The basic process control system (BPCS) forms the inner protective layer for safety instrumentation systems (SIS) as shown on page 5 of EffectsLoopTuning&Dynamics-KPI.pdf. The performance of the BPCS loops must limit excursions to be well within the operating limits that correspond to the trip points of the SIS. Specifically, the peak error for the largest and fastest disturbance should not cause a trip. The SIS should only be activated for failures or extremely abnormal conditions. The trip of a process unit not only causes downtime but can cause off-spec and additional waste during the shutdown and startup of the unit. The start-up of the process unit is often the most operator intensive and hazardous time. The importance of minimizing peak errors to prevent shutdowns can involve all types of loops (e.g. flow, level, pressure, and temperature). We normally think this is important only for continuous loops but I have been able to increase a fed-batch reactor capacity by 25% by eliminating level, pressure, and temperature trips by a series of override controllers tuned to minimize peak errors.

The peak error from the closure of a downstream valves (e.g. trip of reactor feed valves) on the discharge of a compressor controller must not cause an excursion of the operating point of the compressor to the left of the surge curve.

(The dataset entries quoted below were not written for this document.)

(* Let $\mathcal{C}$ be a cyclic code of length $n$ over $\mathbb{F}_q$ with $\gcd(n,q)=1$, with zero set $\mathcal{S}(\mathcal{C})$ taken with respect to a primitive $n$-th root of unity $\alpha$. Let $n_1$ be a positive integer with $n_1\mid n$ and let $\mathcal{X}\subseteq\{0,1,\ldots,n_1-1\}$. Let $\delta$ be a guaranteed lower bound on the minimum distance of the length-$n_1$ cyclic code over $\mathbb{F}_q$ whose zeros (with respect to $\beta=\alpha^{n/n_1}$) are the elements of $\mathcal{X}$ together with their $q$-cyclotomic cosets modulo $n_1$. If $$\bigcup_{j\in\mathcal{X}}\{j,\,j+n_1,\,j+2n_1,\ldots,j+n-n_1\}\subseteq\mathcal{S}(\mathcal{C}),$$ then $\mathcal{C}$ has $(r,\delta)$-all-symbol locality with $r=n_1-\delta+1$.
   Context: Zeros: for a cyclic code $\mathcal{C}$ of length $n$, identifying $\underline{c}$ with $c(x)=\sum c_ix^i$, $\mathcal{S}(\mathcal{C})=\{j\in\{0,\ldots,n-1\}: c(\alpha^j)=0\ \forall \underline{c}\in\mathcal{C}\}$; for a length-$n_1$ cyclic code, zeros are exponents of $\beta=\alpha^{n/n_1}$ defined analogously. The $q$-cyclotomic coset of $i$ modulo $n_1$ is $\{q^j i \bmod n_1 : j\ge 0\}$. $(r,\delta)$-all-symbol locality: for every coordinate $i\in\{0,\ldots,n-1\}$ there is a set $\mathcal{I}_i\subseteq\{0,\ldots,n-1\}$ with $i\in\mathcal{I}_i$ and $|\mathcal{I}_i|\le r+\delta-1$ such that the code $\mathcal{C}$ punctured to the coordinates in $\mathcal{I}_i$ has minimum distance at least $\delta$. *)

theory Defs
  imports Main "HOL-Library.Cardinality"
begin

definition is_word :: "nat \<Rightarrow> (nat \<Rightarrow> 'a::zero) \<Rightarrow> bool" where
  "is_word n c \<longleftrightarrow> (\<forall>i\<ge>n. c i = 0)"
lemma transverse_arc_homeomorphic_interval:
  assumes "transverse_arc v I" obtains J :: "real set" where "is_interval J" "I homeomorphic J"
proof -
  have "is_interval {0<..<1::real}" "is_interval {0..<1::real}"
    by (simp_all add: is_interval_convex_1 convex_real_interval)
  then show ?thesis using assms[unfolded transverse_arc_def, THEN conjunct1] that by blast
qed

lemma transverse_arc_flow_box_inj:
  assumes "transverse_arc v I" obtains \<epsilon> where "\<epsilon> > 0" "inj_on (flow_map v) ({-\<epsilon><..<\<epsilon>} \<times> I)"
proof -
  obtain \<epsilon> g where "\<epsilon> > 0"
    and h: "homeomorphism ({-\<epsilon><..<\<epsilon>} \<times> I) (flow_map v ` ({-\<epsilon><..<\<epsilon>} \<times> I)) (flow_map v) g"
    using assms[unfolded transverse_arc_def, THEN conjunct2] by blast
  moreover have "inj_on (flow_map v) ({-\<epsilon><..<\<epsilon>} \<times> I)"
    using homeomorphism_apply1[OF h] by (rule inj_on_inverseI)
  ultimately show ?thesis using that by blast
qed

lemma flow_box_projection_inj_on_arc:
  fixes v :: "real \<Rightarrow> 'a::topological_space \<Rightarrow> 'a"
  assumes fl: "is_flow v" and "transverse_arc v I0"
    and box: "homeomorphism (T \<times> I0) (flow_map v ` (T \<times> I0)) (flow_map v) g"
    and I: "transverse_arc v I" "I \<subseteq> flow_map v ` (T \<times> I0)"
  shows "inj_on (\<lambda>q. snd (g q)) I"
proof -
  let ?B = "flow_map v ` (T \<times> I0)"
  have g: "continuous_on ?B g" "\<And>q. q \<in> ?B \<Longrightarrow> g q \<in> T \<times> I0"
    "\<And>q. q \<in> ?B \<Longrightarrow> v (fst (g q)) (snd (g q)) = q"
    using homeomorphism_cont2[OF box] homeomorphism_image2[OF box] homeomorphism_apply2[OF box]
    by auto
  obtain c0 :: "'a \<Rightarrow> real" where c0: "continuous_on I0 c0" "inj_on c0 I0"
  proof -
    obtain J0 :: "real set" and c0 k where h: "homeomorphism I0 J0 c0 k"
      using transverse_arc_homeomorphic_interval[OF \<open>transverse_arc v I0\<close>]
      unfolding homeomorphic_def by blast
    have "inj_on c0 I0" using homeomorphism_apply1[OF h] by (rule inj_on_inverseI)
    then show ?thesis using that homeomorphism_cont1[OF h] by blast
  qed
  obtain \<epsilon> where \<epsilon>: "\<epsilon> > 0" "inj_on (flow_map v) ({-\<epsilon><..<\<epsilon>} \<times> I)"
    using transverse_arc_flow_box_inj[OF I(1)] .
  obtain J :: "real set" where J: "is_interval J" "I homeomorphic J"
    using transverse_arc_homeomorphic_interval[OF I(1)] .
  have gI: "continuous_on I g" using continuous_on_subset[OF g(1) I(2)] .
  have sI: "snd (g q) \<in> I0" if "q \<in> I" for q using g(2) I(2) that by force
  \<comment> \<open>two such points lie on one flow line at times less than \<open>\<epsilon>\<close> apart, so the flow box of \<open>I\<close> identifies them\<close>
  have same_plaque: "q1 = q2"
    if q: "q1 \<in> I" "q2 \<in> I" "\<bar>fst (g q1) - fst (g q2)\<bar> < \<epsilon>" "snd (g q1) = snd (g q2)" for q1 q2
  proof -
    have "v (fst (g q1)) (snd (g q1)) = q1" "v (fst (g q2)) (snd (g q2)) = q2"
      using g(3) q(1,2) I(2) by blast+
    then have "v (fst (g q2) - fst (g q1)) q1 = v 0 q2"
      using flow_add[OF fl, of "fst (g q2) - fst (g q1)" "fst (g q1)" "snd (g q1)"] q(4) fl by simp
    then have "flow_map v (fst (g q2) - fst (g q1), q1) = flow_map v (0, q2)" by simp
    moreover have "(fst (g q2) - fst (g q1), q1) \<in> {-\<epsilon><..<\<epsilon>} \<times> I" "(0, q2) \<in> {-\<epsilon><..<\<epsilon>} \<times> I"
      using q \<epsilon>(1) by auto
    ultimately show ?thesis using inj_onD[OF \<epsilon>(2)] by blast
  qed
  have "inj_on (\<lambda>q. c0 (snd (g q))) I"
  proof (rule inj_on_if_locally_inj_on_arc[OF J(2,1)])
    show "continuous_on I (\<lambda>q. c0 (snd (g q)))"
      using continuous_on_compose2[OF c0(1) continuous_on_snd[OF gI]] sI by blast
  next
    fix q assume q: "q \<in> I"
    let ?U = "I \<inter> (\<lambda>q'. fst (g q')) -` ball (fst (g q)) (\<epsilon> / 2)"
    have "openin (top_of_set I) ?U"
      using continuous_openin_preimage_gen[OF continuous_on_fst[OF gI] open_ball] .
    moreover have "inj_on (\<lambda>q. c0 (snd (g q))) ?U"
    proof (rule inj_onI)
      fix q1 q2 assume q: "q1 \<in> ?U" "q2 \<in> ?U" "c0 (snd (g q1)) = c0 (snd (g q2))"
      then have "snd (g q1) = snd (g q2)" using sI inj_onD[OF c0(2)] by blast
      moreover have "dist (fst (g q1)) (fst (g q2)) < \<epsilon>"
        using q(1,2) dist_triangle_half_l[of "fst (g q1)" "fst (g q)" \<epsilon> "fst (g q2)"]
        by (simp add: dist_commute)
      ultimately show "q1 = q2" using same_plaque q(1,2) by (simp add: dist_real_def)
    qed
    ultimately show "\<exists>U. openin (top_of_set I) U \<and> q \<in> U \<and> inj_on (\<lambda>q. c0 (snd (g q))) U"
      using q \<epsilon>(1) by auto
  qed
  then show ?thesis by (simp add: inj_on_def)
qed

If the operating point reaches the negative slope of the characteristic curve, it is like the compressor is falling off a cliff. The operating point jumps to a negative flow operating point in 0.03 seconds. This precipitous drop rivals water hammer in disturbance speed (both phenomena involve momentum balances that are orders of magnitude faster than material balances). Once a compressor gets into surge, the feedback controller is helpless and needs an open loop back-up (e.g. kicker) to get out of trouble as detailed on pages 6 - 8. Surge cycles can cause a decrease in compressor efficiency and damage by excessive vibration. I have also seen where surge caused a runaway speed response.

RCRA environmental regulations may classify a pond as hazardous waste if the pH of an effluent stream going into the volume momentarily ventures outside the permissible 2 to 12 pH range. Even though a short term excursion can not possibly change the pH in the volume and is effectively filtered by the volume where the change in pH is not detectable, the volume may still be classified as hazardous. For these systems, peak errors are incredibly important and kickers are used as shown on page 10 to prevent RCRA violations that not only can cause excessive fines but necessitate the process unit to apply for a new permit that might not be approved. A violation could result in the permanent shutdown of a unit because operation is no longer economically feasible or even allowed under new permit requirements.

Many process units have relief devises (e.g. relief valves and rupture discs) to prevent the over pressurization of piping and equipment. Often, pressure letdown and vent loops are the first line of defense. The peak error for the largest and fastest disturbance should be sufficiently away from the relief device setting to prevent fatigue and activation of the relief device taking into account setting tolerances and fatigue that cause a premature relief. The activation of a relief device is hazardous and causes downtime and waste burned in a flare stack or at best in a waste heat boiler.

So how do we minimize peak error? Given a set of dynamics and disturbances, the solution is to maximize controller gain even if it means increasing the reset time. This is seen in the first equation on page 1 but also intuitively from the realization that gain provides an immediate response whereas reset provides a gradual response. In the fed-batch reactor example cited above, the override controllers were proportional-only with their gains set high enough to cut back the reactant feeds immediately when the reactor pressure and level from the gas released as a byproduct or the temperature from the exothermic reaction approached settings that would cause a trip and the associated delay and disruptive restart of the feeds.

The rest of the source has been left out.